Javert lui jeta un regard noir.
Le chef de la Sûreté n’était ni un imbécile, ni un incompétent.
Dans la bonne rue, Vidocq laissa Javert descendre et lui lança, l’air de rien :
« Le-Cric est gracié, je m’en fous de lui. De toute façon, je n’aurais jamais fait de mal à ton fagot, Javert. Il t’a sauvé l’affe. Je l’ai retrouvé noté dans les registres de la Garde Nationale sous le nom d’un type mort depuis des lustres, Ultime Fauchelevent et j’ai lâché l’affaire. Mais, un conseil, mon cher cogne, ne laisse pas ton robin [avocat] sortir de son trou. Gisquet en a encore après les révoltés de juin. D’ici quelques mois il y aura prescription mais pour l’instant, le daron de la raille les veut tous. Les Amis de l’ABC donnent encore des cauchemars à notre préfet.
- Vidocq..., commença Javert, le pied encore sur le montant du fiacre.
- Ta gueule Javert ! Il y a déjà quelques semaines que tu as cessé d’être cabochard [têtu]. La loi mérite quelques hésitations. Rends-toi simplement compte que tu as cessé d’être un policier irréprochable. Cela fait mal mais c’est comme ça ! Tu as déjà fait ton choix. Accepte-le et vis avec ! »
Javert ne disait rien, droit et raide comme une statue, debout devant la portière du fiacre restée ouverte.
« Tu as voulu te noyer dans la Seine à cause de ça. Rien de bon n’en serait sorti, le cogne.
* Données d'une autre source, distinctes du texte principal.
lemma inc_mult_bar_mult_inverse:
  assumes f: "in_scrI r f" and f_diag: "\<And>x. f x x = 1"
  shows "inc_mult (inc_mult (inc_bar r f) (inc_inverse f)) f = inc_bar r f"
proof -
  have "inc_mult (inc_inverse f) f = inc_delta"
    using f by (intro inc_mult_inverse_left[OF finite_interval] f_diag) (simp add: in_scrI_def)
  then show ?thesis
    unfolding inc_mult_assoc[OF finite_interval]
    by (simp add: inc_mult_delta_right[OF finite_interval in_inc_inc_bar])
qed

lemma inc_mult_bar_mult_inverse_left:
  assumes f_diag: "\<And>x. f x x = 1"
    and gf: "inc_mult g (inc_bar r f) = inc_mult (inc_bar r g) f"
  shows "inc_mult g (inc_mult (inc_bar r f) (inc_inverse f)) = inc_bar r g"
  unfolding inc_mult_assoc[OF finite_interval, symmetric] gf
  unfolding inc_mult_assoc[OF finite_interval] inc_mult_inverse_right[OF finite_interval f_diag]
  by (rule inc_mult_delta_right[OF finite_interval in_inc_inc_bar])

end
lemma fuzzy_family_unit_interval:
  "fuzzy_family X phi \<Longrightarrow> \<F> \<subseteq> Pow X \<Longrightarrow> C \<in> \<F> \<Longrightarrow> 0 \<le> phi C \<and> phi C \<le> 1"
  unfolding fuzzy_family_def by blast

lemma finf_image_unit_interval_Pow:
  "fuzzy_family X phi \<Longrightarrow> \<F> \<subseteq> Pow X \<Longrightarrow> 0 \<le> finf (phi ` \<F>) \<and> finf (phi ` \<F>) \<le> 1"
  by (rule finf_image_unit_interval) (rule fuzzy_family_unit_interval)

lemma cap_closure_unit_interval:
  assumes "fuzzy_family X phi"
  shows "0 \<le> cap_closure X phi A \<and> cap_closure X phi A \<le> 1"
  unfolding cap_closure_def
proof (rule fsup_unit_interval)
  fix s assume "s \<in> {finf (phi ` \<F>) | \<F>. \<F> \<noteq> {} \<and> finite \<F> \<and> \<F> \<subseteq> Pow X \<and> \<Inter>\<F> = A}"
  then obtain \<F> where "\<F> \<subseteq> Pow X" "s = finf (phi ` \<F>)" by blast
  then show "0 \<le> s \<and> s \<le> 1" using finf_image_unit_interval_Pow[OF assms] by blast
qed
definition small_load :: "'j \<Rightarrow> real" where
  "small_load j = (\<Sum>i\<in>{i\<in>S. s i \<le> c j * beta}. s i * x i j)"

lemma class_loads_le_capacity:
  assumes j: "j \<in> V"
  shows "dcls S s c x j Plus * (c j / 2) + dcls S s c x j Minus * (c j / 4)
           + small_load j \<le> c j"
proof -
  define A where "A = Pcls S s c j Plus"
  define B where "B = Pcls S s c j Minus"
  define C where "C = {i\<in>S. s i \<le> c j * beta}"
  have cj: "0 < c j" using capacity_pos[OF j] .
  have A: "A = {i\<in>S. c j / 2 < s i \<and> s i \<le> c j}" and B: "B = {i\<in>S. c j / 4 < s i \<and> s i \<le> c j / 2}"
    unfolding A_def B_def Pcls_def by simp_all
  have fin: "finite A" "finite B" "finite C" unfolding A B C_def using finite_S by auto
  have "(\<Sum>i\<in>A. x i j * s i) + (\<Sum>i\<in>B. x i j * s i) + (\<Sum>i\<in>C. x i j * s i)
          = (\<Sum>i\<in>A \<union> B \<union> C. x i j * s i)"
  proof -
    have "A \<inter> B = {}" "(A \<union> B) \<inter> C = {}" unfolding A B C_def beta_def using cj by auto
    then show ?thesis using fin by (simp add: sum.union_disjoint)
  qed
  also have "\<dots> \<le> (\<Sum>i\<in>S. x i j * s i)"
    using finite_S x_nonneg[OF _ j] size_pos
    by (intro sum_mono2) (auto simp: A B C_def less_imp_le)
  also have "\<dots> \<le> c j" using capacity[OF j] .
  finally have total: "(\<Sum>i\<in>A. x i j * s i) + (\<Sum>i\<in>B. x i j * s i) + (\<Sum>i\<in>C. x i j * s i) \<le> c j" .
  have "dcls S s c x j Plus * (c j / 2) \<le> (\<Sum>i\<in>A. x i j * s i)"
    unfolding dcls_def A_def[symmetric] sum_distrib_right
    using x_nonneg[OF _ j] by (intro sum_mono mult_left_mono) (auto simp: A)
  moreover have "dcls S s c x j Minus * (c j / 4) \<le> (\<Sum>i\<in>B. x i j * s i)"
    unfolding dcls_def B_def[symmetric] sum_distrib_right
    using x_nonneg[OF _ j] by (intro sum_mono mult_left_mono) (auto simp: B)
  moreover have "(\<Sum>i\<in>C. s i * x i j) = (\<Sum>i\<in>C. x i j * s i)"
    by (simp add: mult.commute)
  ultimately show ?thesis using total unfolding small_load_def C_def by linarith
qed

lemma small_load_nonneg: "j \<in> V \<Longrightarrow> 0 \<le> small_load j"
  unfolding small_load_def using size_pos x_nonneg by (intro sum_nonneg mult_nonneg_nonneg) (auto simp: less_imp_le)

lemma dcls_Plus_le: "j \<in> V \<Longrightarrow> dcls S s c x j Plus \<le> 2"
  and dcls_Minus_le: "j \<in> V \<Longrightarrow> dcls S s c x j Minus \<le> 4"
proof -
  assume j: "j \<in> V"
  have "0 \<le> dcls S s c x j Minus * (c j / 4)" "0 \<le> dcls S s c x j Plus * (c j / 2)"
    using dcls_nonneg[OF j] capacity_pos[OF j] by simp_all
  then have "dcls S s c x j Plus * (c j / 2) \<le> c j" "dcls S s c x j Minus * (c j / 4) \<le> c j"
    using class_loads_le_capacity[OF j] small_load_nonneg[OF j] by linarith+
  then show "dcls S s c x j Plus \<le> 2" "dcls S s c x j Minus \<le> 4"
    using capacity_pos[OF j] by (simp_all add: field_simps)
qed

lemma plab_nonneg: "j \<in> V \<Longrightarrow> a \<in> {1, 2, 3} \<Longrightarrow> 0 \<le> plab S s c x j a"
  using dcls_Plus_le[of j] dcls_Minus_le[of j] dcls_nonneg[of j Plus] dcls_nonneg[of j Minus]
  unfolding plab_def hnode_def delta_def by auto

lemma sum_plab: "(\<Sum>a\<in>{1, 2, 3}. plab S s c x j a) = 1"
  unfolding plab_def by simp

lemma dcls_nonzero_if_plab_nonzero:
  assumes \<sigma>: "\<sigma> \<in> slots S V s c x \<zeta>" and \<zeta>: "plab S s c x (fst \<sigma>) (\<zeta> (fst \<sigma>)) \<noteq> 0"
  shows "dcls S s c x (fst \<sigma>) (fst (snd \<sigma>)) \<noteq> 0"
proof -
  obtain j r where \<sigma>_eq: "\<sigma> = (j, r)" and r: "r \<in> node_slots j (\<zeta> j)"
    using \<sigma> unfolding slots_eq_Sigma by auto
  consider "\<zeta> j = 1" "r = (Plus, 0)" | m where "\<zeta> j = 2" "r = (Minus, m)"
    | q m where "\<zeta> j = 3" "r = (Lvl q, m)" "m < ncnt S s c x j q"
    using r unfolding node_slots_def by (auto split: if_splits)
  then show ?thesis
    using \<zeta> unfolding \<sigma>_eq plab_def hnode_def ncnt_def by cases auto
qed

definition slot_prob :: "'j slot \<Rightarrow> 'i \<Rightarrow> real" where
  "slot_prob \<sigma> i = x i (fst \<sigma>) / dcls S s c x (fst \<sigma>) (fst (snd \<sigma>))"

definition hit_prob :: "'k \<Rightarrow> 'j slot \<Rightarrow> real" where
  "hit_prob k \<sigma> = (if fst \<sigma> \<in> T k \<and> req k \<in> slot_range S s c \<sigma> then slot_prob \<sigma> (req k) else 0)"

definition miss_prob :: "'k \<Rightarrow> 'j \<Rightarrow> nat \<Rightarrow> real" where
  "miss_prob k j a = (\<Prod>r\<in>node_slots j a. 1 - hit_prob k (j, r))"

lemma finite_slot_range: "finite (slot_range S s c \<sigma>)"
  unfolding slot_range_def by (rule finite_Pcls)

lemma slot_prob_nonneg: "\<sigma> \<in> slots S V s c x \<zeta> \<Longrightarrow> i \<in> slot_range S s c \<sigma> \<Longrightarrow> 0 \<le> slot_prob \<sigma> i"
  unfolding slot_prob_def slot_range_def
  using slot_node[of \<sigma> \<zeta>] Pcls_subset[of S s c "fst \<sigma>" "fst (snd \<sigma>)"]
  by (intro divide_nonneg_nonneg x_nonneg dcls_nonneg) auto

lemma sum_slot_prob:
  "(\<Sum>i\<in>slot_range S s c \<sigma>. slot_prob \<sigma> i) =
     (if dcls S s c x (fst \<sigma>) (fst (snd \<sigma>)) = 0 then 0 else 1)"
  unfolding slot_prob_def slot_range_def sum_divide_distrib[symmetric] dcls_def[symmetric] by simp

lemma hit_prob_bounds:
  assumes j: "j \<in> V" shows "0 \<le> hit_prob k (j, r) \<and> hit_prob k (j, r) \<le> 1"
proof (cases "j \<in> T k \<and> req k \<in> Pcls S s c j (fst r)")
  case True
  then have "0 \<le> x (req k) j" "x (req k) j \<le> dcls S s c x j (fst r)"
    using Pcls_subset[of S s c j "fst r"] x_nonneg[OF _ j] x_le_dcls[OF j] by blast+
  then show ?thesis
    using True unfolding hit_prob_def slot_prob_def slot_range_def by (auto simp: divide_le_eq_1)
next
  case False
  then show ?thesis unfolding hit_prob_def slot_range_def by auto
qed

lemma sum_slot_prob_miss:
  assumes "(\<Sum>i\<in>slot_range S s c \<sigma>. slot_prob \<sigma> i) = 1"
  shows "(\<Sum>i\<in>slot_range S s c \<sigma>. slot_prob \<sigma> i * (if fst \<sigma> \<in> T k \<and> i = req k then 0 else 1))
           = 1 - hit_prob k \<sigma>"
proof -
  have "(\<Sum>i\<in>slot_range S s c \<sigma>. slot_prob \<sigma> i * (if fst \<sigma> \<in> T k \<and> i = req k then 0 else 1))
          = (\<Sum>i\<in>slot_range S s c \<sigma>. slot_prob \<sigma> i)
            - (\<Sum>i\<in>slot_range S s c \<sigma>. if fst \<sigma> \<in> T k \<and> i = req k then slot_prob \<sigma> i else 0)"
    unfolding sum_subtractf[symmetric] by (intro sum.cong) auto
  then show ?thesis
    using assms finite_slot_range unfolding hit_prob_def
    by (cases "fst \<sigma> \<in> T k") (simp_all add: sum.delta)
qed

lemma miss_prob_bounds: "j \<in> V \<Longrightarrow> 0 \<le> miss_prob k j a \<and> miss_prob k j a \<le> 1"
  unfolding miss_prob_def using hit_prob_bounds by (auto intro!: prod_nonneg prod_le_1)

section \<open>The expected reward of the random experiment\<close>

lemma Eslot_eq_expect_given:
  "Eslot S V U s c req T w x \<zeta> \<tau>' =
     expect_given (slots S V s c x \<zeta>) (slot_range S s c) slot_prob
       (\<lambda>\<tau>. total_reward U req T w (Xtau (slots S V s c x \<zeta>) \<tau>)) \<tau>'"
  unfolding Eslot_def expect_given_def Let_def slot_prob_def by simp

lemma Econs_eq_expect_given:
  assumes "\<And>j a. j \<in> V \<Longrightarrow> \<zeta>' j = Some a \<Longrightarrow> a \<in> {1, 2, 3}"
  shows "Econs S V U s c req T w x \<zeta>' =
           expect_given V (\<lambda>_. {1, 2, 3}) (plab S s c x)
             (\<lambda>\<zeta>. Eslot S V U s c req T w x \<zeta> (\<lambda>_. None)) \<zeta>'"
proof -
  have member_iff: "\<zeta> j \<in> (case \<zeta>' j of None \<Rightarrow> {1, 2, 3} | Some a \<Rightarrow> {a}) \<longleftrightarrow>
          \<zeta> j \<in> {1, 2, 3} \<and> (\<zeta>' j \<noteq> None \<longrightarrow> \<zeta> j = the (\<zeta>' j))"
    if "j \<in> V" for \<zeta> :: "'j \<Rightarrow> nat" and j
    using assms that by (cases "\<zeta>' j") auto
  have "PiE V (\<lambda>j. case \<zeta>' j of None \<Rightarrow> {1, 2, 3} | Some a \<Rightarrow> {a}) =
               {\<zeta> \<in> PiE V (\<lambda>_. {1, 2, 3}). \<forall>j\<in>V. \<zeta>' j \<noteq> None \<longrightarrow> \<zeta> j = the (\<zeta>' j)}"
    by (rule set_eqI) (auto simp: PiE_iff member_iff)
  then show ?thesis unfolding Econs_def expect_given_def by simp
qed

lemma prod_slots:
  "(\<Prod>\<sigma>\<in>slots S V s c x \<zeta>. f \<sigma>) = (\<Prod>j\<in>V. \<Prod>r\<in>node_slots j (\<zeta> j). f (j, r))"
  unfolding slots_eq_Sigma using finite_V finite_node_slots
  by (subst prod.Sigma) (auto simp: case_prod_beta')

(* A slot of a class with d = 0 has all weights x / 0 = 0 and would annihilate the expectation;
   labels of positive probability create no such slots. *)
lemma Eslot_unconditioned:
  assumes "\<And>j. j \<in> V \<Longrightarrow> plab S s c x j (\<zeta> j) \<noteq> 0"
  shows "Eslot S V U s c req T w x \<zeta> (\<lambda>_. None) =
           (\<Sum>k\<in>U. w k * (1 - (\<Prod>j\<in>V. miss_prob k j (\<zeta> j))))"
proof -
  let ?L = "slots S V s c x \<zeta>" and ?R = "slot_range S s c"
  define g where "g k (\<sigma> :: 'j slot) i = (if fst \<sigma> \<in> T k \<and> i = req k then 0 else 1 :: real)" for k \<sigma> i
  have one: "(\<Sum>i\<in>?R \<sigma>. slot_prob \<sigma> i) = 1" if "\<sigma> \<in> ?L" for \<sigma>
    using sum_slot_prob[of \<sigma>] dcls_nonzero_if_plab_nonzero[OF that] assms slot_node[OF that] by auto
  have "(\<Sum>i\<in>?R \<sigma>. slot_prob \<sigma> i * g k \<sigma> i) = 1 - hit_prob k \<sigma>" if "\<sigma> \<in> ?L" for k \<sigma>
    unfolding g_def using sum_slot_prob_miss one[OF that] by simp
  then have "(\<Prod>\<sigma>\<in>?L. \<Sum>i\<in>?R \<sigma>. slot_prob \<sigma> i * g k \<sigma> i) = (\<Prod>\<sigma>\<in>?L. 1 - hit_prob k \<sigma>)" for k
    by (intro prod.cong) auto
  then have "(\<Prod>\<sigma>\<in>?L. \<Sum>i\<in>?R \<sigma>. slot_prob \<sigma> i * g k \<sigma> i) = (\<Prod>j\<in>V. miss_prob k j (\<zeta> j))" for k
    unfolding miss_prob_def by (simp add: prod_slots)
  moreover have "Eslot S V U s c req T w x \<zeta> (\<lambda>_. None) =
      (\<Sum>k\<in>U. w k * expect_given ?L ?R slot_prob (\<lambda>\<tau>. 1 - (\<Prod>\<sigma>\<in>?L. g k \<sigma> (\<tau> \<sigma>))) (\<lambda>_. None))"
    unfolding Eslot_eq_expect_given total_reward_Xtau[OF finite_slots] g_def expect_given_sum ..
  ultimately show ?thesis
    using one finite_slots finite_slot_range by (simp add: expect_given_one_minus_prod)
qed

lemma Econs_unconditioned:
  "Econs S V U s c req T w x (\<lambda>_. None) =
     (\<Sum>k\<in>U. w k * (1 - (\<Prod>j\<in>V. \<Sum>a\<in>{1, 2, 3}. plab S s c x j a * miss_prob k j a)))"
proof -
  let ?E = "expect_given V (\<lambda>_. {1, 2, 3}) (plab S s c x)"
  have "Econs S V U s c req T w x (\<lambda>_. None) = ?E (\<lambda>\<zeta>. Eslot S V U s c req T w x \<zeta> (\<lambda>_. None)) (\<lambda>_. None)"
    by (rule Econs_eq_expect_given) simp
  also have "\<dots> = ?E (\<lambda>\<zeta>. \<Sum>k\<in>U. w k * (1 - (\<Prod>j\<in>V. miss_prob k j (\<zeta> j)))) (\<lambda>_. None)"
    using finite_V by (intro expect_given_cong_support Eslot_unconditioned)
  also have "\<dots> = (\<Sum>k\<in>U. w k * ?E (\<lambda>\<zeta>. 1 - (\<Prod>j\<in>V. miss_prob k j (\<zeta> j))) (\<lambda>_. None))"
    by (rule expect_given_sum)
  finally show ?thesis
    using finite_V sum_plab by (simp add: expect_given_one_minus_prod)
qed

lemma sum_plab_miss_le:
  assumes j: "j \<in> V" and a0: "a0 \<in> {1, 2, 3}"
  shows "(\<Sum>a\<in>{1, 2, 3}. plab S s c x j a * miss_prob k j a)
           \<le> 1 - plab S s c x j a0 * (1 - miss_prob k j a0)"
proof -
  have "(\<Sum>a\<in>{1, 2, 3}. plab S s c x j a * miss_prob k j a)
          = 1 - (\<Sum>a\<in>{1, 2, 3}. plab S s c x j a * (1 - miss_prob k j a))"
    using sum_plab[of j] by (simp add: algebra_simps sum_subtractf)
  moreover have "plab S s c x j a0 * (1 - miss_prob k j a0)
                   \<le> (\<Sum>a\<in>{1, 2, 3}. plab S s c x j a * (1 - miss_prob k j a))"
    using a0 plab_nonneg[OF j] miss_prob_bounds[OF j]
    by (intro member_le_sum mult_nonneg_nonneg) auto
  ultimately show ?thesis by linarith
qed

lemma sum_plab_miss_le_one:
  assumes j: "j \<in> V" shows "(\<Sum>a\<in>{1, 2, 3}. plab S s c x j a * miss_prob k j a) \<le> 1"
proof -
  have "(\<Sum>a\<in>{1, 2, 3}. plab S s c x j a * miss_prob k j a) \<le> (\<Sum>a\<in>{1, 2, 3}. plab S s c x j a)"
    using plab_nonneg[OF j] miss_prob_bounds[OF j] by (intro sum_mono mult_left_le) auto
  then show ?thesis using sum_plab[of j] by simp
qed

lemma exists_level_class:
  assumes j: "j \<in> V" and i: "i \<in> S" and small: "s i \<le> c j / 4"
  obtains q where "1 \<le> q" "i \<in> Pcls S s c j (Lvl q)"
proof -
  define above where "above q \<longleftrightarrow> gamma ^ q * c j * beta < s i" for q
  obtain n where "(1/2 :: real) ^ n < s i / (c j * beta)"
    using real_arch_pow_inv[of "s i / (c j * beta)" "1/2"] size_pos[OF i] capacity_pos[OF j]
    by (auto simp: beta_def)
  then have "above n"
    unfolding above_def gamma_def using capacity_pos[OF j] by (simp add: beta_def field_simps)
  define q where "q = (LEAST q. above q)"
  have "above q" unfolding q_def by (rule LeastI[of above n]) fact
  moreover have "q \<noteq> 0"
  proof
    assume "q = 0"
    then show False using \<open>above q\<close> small unfolding above_def beta_def by simp
  qed
  moreover have "\<not> above (q - 1)"
    using \<open>q \<noteq> 0\<close> not_less_Least[of "q - 1" above] unfolding q_def by auto
  ultimately have "1 \<le> q" "i \<in> Pcls S s c j (Lvl q)"
    using i unfolding above_def Pcls_def by auto
  then show ?thesis by (rule that)
qed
Tout le monde s’en serait foutu. Alors que là… Tu vaux quelque chose. Tu l’as prouvé et, si t’es pas stupide, tu continueras longtemps dans ce registre.
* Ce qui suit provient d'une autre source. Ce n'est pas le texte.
lemma eventually_power_dvd_fact_power:
  fixes s k :: nat
  assumes "0 < s"
  shows "eventually (\<lambda>m. s ^ k dvd fact m ^ m) sequentially"
  unfolding eventually_sequentially
proof (intro exI allI impI)
  fix m
  assume m: "max s k \<le> m"
  then have "s dvd fact m"
    using assms by (intro dvd_fact) auto
  then have "s ^ m dvd fact m ^ m"
    by (rule dvd_power_same)
  moreover have "s ^ k dvd s ^ m"
    using m by (simp add: le_imp_power_dvd)
  ultimately show "s ^ k dvd fact m ^ m"
    by (rule dvd_trans[rotated])
qed

lemma mult_invariant_probability_measure_nat:
  obtains \<mu> :: "nat set \<Rightarrow> real"
  where "fa_prob_measure {n. 0 < n} \<mu>" and "\<And>s A. 0 < s \<Longrightarrow> \<mu> ((*) s ` A) = \<mu> A"
proof -
  let ?\<delta> = "\<lambda>m. divisor_density (fact m ^ m)"
  have pos: "0 < (fact m :: nat) ^ m" for m
    by simp
  obtain \<mu> where bounds: "\<And>A. \<mu> A \<in> {0..1}"
    and limit: "\<And>\<phi> c. continuous_on UNIV \<phi> \<Longrightarrow> ((\<lambda>m. \<phi> (?\<delta> m)) \<longlongrightarrow> c) sequentially
                  \<Longrightarrow> \<phi> \<mu> = (c :: real)"
    by (fact cluster_point_of_unit_interval_valued[of sequentially ?\<delta>,
          OF trivial_limit_sequentially divisor_density_bounds[OF pos]])
  have coord: "continuous_on UNIV (\<lambda>\<nu> :: nat set \<Rightarrow> real. \<nu> A)" for A
    by simp
  have "\<mu> {n. 0 < n} = 1"
  proof (rule limit[OF coord])
    have "?\<delta> m {n. 0 < n} = 1" for m
      by (rule divisor_density_superset[OF pos]) (auto intro: dvd_pos_nat[OF pos])
    then show "((\<lambda>m. ?\<delta> m {n. 0 < n}) \<longlongrightarrow> 1) sequentially"
      by simp
  qed
  moreover have "\<mu> (A \<union> B) = \<mu> A + \<mu> B" if "A \<inter> B = {}" for A B
  proof -
    have "\<mu> (A \<union> B) - \<mu> A - \<mu> B = 0"
    proof (rule limit[OF continuous_on_diff[OF continuous_on_diff[OF coord coord] coord]])
      show "((\<lambda>m. ?\<delta> m (A \<union> B) - ?\<delta> m A - ?\<delta> m B) \<longlongrightarrow> 0) sequentially"
        by (simp add: divisor_density_Un[OF pos that])
    qed
    then show ?thesis
      by simp
  qed
  ultimately have "fa_prob_measure {n. 0 < n} \<mu>"
    using bounds by (simp add: fa_prob_measure_def)
  moreover have "\<mu> ((*) s ` A) = \<mu> A" if "0 < s" for s A
  proof -
    have "((\<lambda>m. ?\<delta> m ((*) s ` A) - ?\<delta> m A) \<longlongrightarrow> 0) sequentially"
      by (rule divisor_density_mult_tendsto[OF pos eventually_power_dvd_fact_power[OF prime_gt_0_nat] that])
    then have "\<mu> ((*) s ` A) - \<mu> A = 0"
      by (rule limit[OF continuous_on_diff[OF coord coord]])
    then show ?thesis
      by simp
  qed
  ultimately show thesis
    using that by blast
qed

theorem mainTheorem18:
  shows "left_fairly_amenable {n::nat. 0 < n} (\<lambda>x y. x * y) \<and>
         right_fairly_amenable {n::nat. 0 < n} (\<lambda>x y. x * y)"
proof -
  obtain \<mu> where "fa_prob_measure {n :: nat. 0 < n} \<mu>" and "\<And>s A. 0 < s \<Longrightarrow> \<mu> ((*) s ` A) = \<mu> A"
    using mult_invariant_probability_measure_nat by blast
  moreover have "(\<lambda>a. a * s) ` A = (*) s ` A" for s :: nat and A
    by (auto simp: mult.commute)
  ultimately show ?thesis
    unfolding left_fairly_amenable_def right_fairly_amenable_def
      left_fairly_invariant_def right_fairly_invariant_def
    by auto
qed

end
- Tu crois vraiment cela le Mec ?
- Cabochard de rabouin ! Va retrouver ton fagot ! Demain, nous reverrons ton rapport et je te parlerai d’un gonze qui m’indispose.
- Plaît-il ? »
Le chien-loup était intéressé, cela fit sourire le Mec qui secoua la main.
« Que nenni mon poteau ! Demain ! Ce soir, c’est relâche ! »
Un coup fort sur le toit du fiacre et la voiture s’en alla, laissant un Javert estomaqué devant la maison de la rue Plumet.
Oui, la routine s’installait et Javert devait apprendre à accepter ce qu’il était devenu. Un policier qui n’était plus irréprochable et qui avait des faiblesses.